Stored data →
= Beginning of Section =

(* Let $V$ be a positive dimensional real normed vector space and $\varphi:V\to V$ an invertible linear map. Let $C\subseteq V$ be a convex cone with $\varphi(C)=C$. Suppose all eigenvalues of $\varphi$ are of modulus greater than $1$. Then $(\varphi-\operatorname{id}_V)^{-1}(C)\subseteq C$.
   Context: $(\varphi-\operatorname{id}_V)^{-1}(C)$ denotes the preimage of $C$ under the linear map $\varphi-\operatorname{id}_V$. *)

theory Defs
  imports "HOL-Analysis.Analysis"
begin

text \<open>Eigenvalues of a real linear map f are understood as eigenvalues of its
complexification: mu = a + i b is an eigenvalue iff there is a nonzero
complex vector z = x + i y with f x + i f y = mu (x + i y).\<close>
definition complex_eigenvalue :: "('a::real_vector \<Rightarrow> 'a) \<Rightarrow> complex \<Rightarrow> bool" where
  "complex_eigenvalue f \<mu> \<longleftrightarrow>
     (\<exists>x y. (x \<noteq> 0 \<or> y \<noteq> 0) \<and>
        f x = Re \<mu> *\<^sub>R x - Im \<mu> *\<^sub>R y \<and>
        f y = Im \<mu> *\<^sub>R x + Re \<mu> *\<^sub>R y)"

end

theory Submission
  imports Defs "Jordan_Normal_Form.Spectral_Radius"
begin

= End of Section =

Task description → Repeat each entry exactly.

Result for this task →
(* Let $V$ be a positive dimensional real normed vector space and $\varphi:V\to V$ an invertible linear map. Let $C\subseteq V$ be a convex cone with $\varphi(C)=C$. Suppose all eigenvalues of $\varphi$ are of modulus greater than $1$. Then $(\varphi-\operatorname{id}_V)^{-1}(C)\subseteq C$.
   Context: $(\varphi-\operatorname{id}_V)^{-1}(C)$ denotes the preimage of $C$ under the linear map $\varphi-\operatorname{id}_V$. *)

theory Defs
  imports "HOL-Analysis.Analysis"
begin

text \<open>Eigenvalues of a real linear map f are understood as eigenvalues of its
complexification: mu = a + i b is an eigenvalue iff there is a nonzero
complex vector z = x + i y with f x + i f y = mu (x + i y).\<close>
definition complex_eigenvalue :: "('a::real_vector \<Rightarrow> 'a) \<Rightarrow> complex \<Rightarrow> bool" where
  "complex_eigenvalue f \<mu> \<longleftrightarrow>
     (\<exists>x y. (x \<noteq> 0 \<or> y \<noteq> 0) \<and>
        f x = Re \<mu> *\<^sub>R x - Im \<mu> *\<^sub>R y \<and>
        f y = Im \<mu> *\<^sub>R x + Re \<mu> *\<^sub>R y)"

end

theory Submission
  imports Defs "Jordan_Normal_Form.Spectral_Radius"
begin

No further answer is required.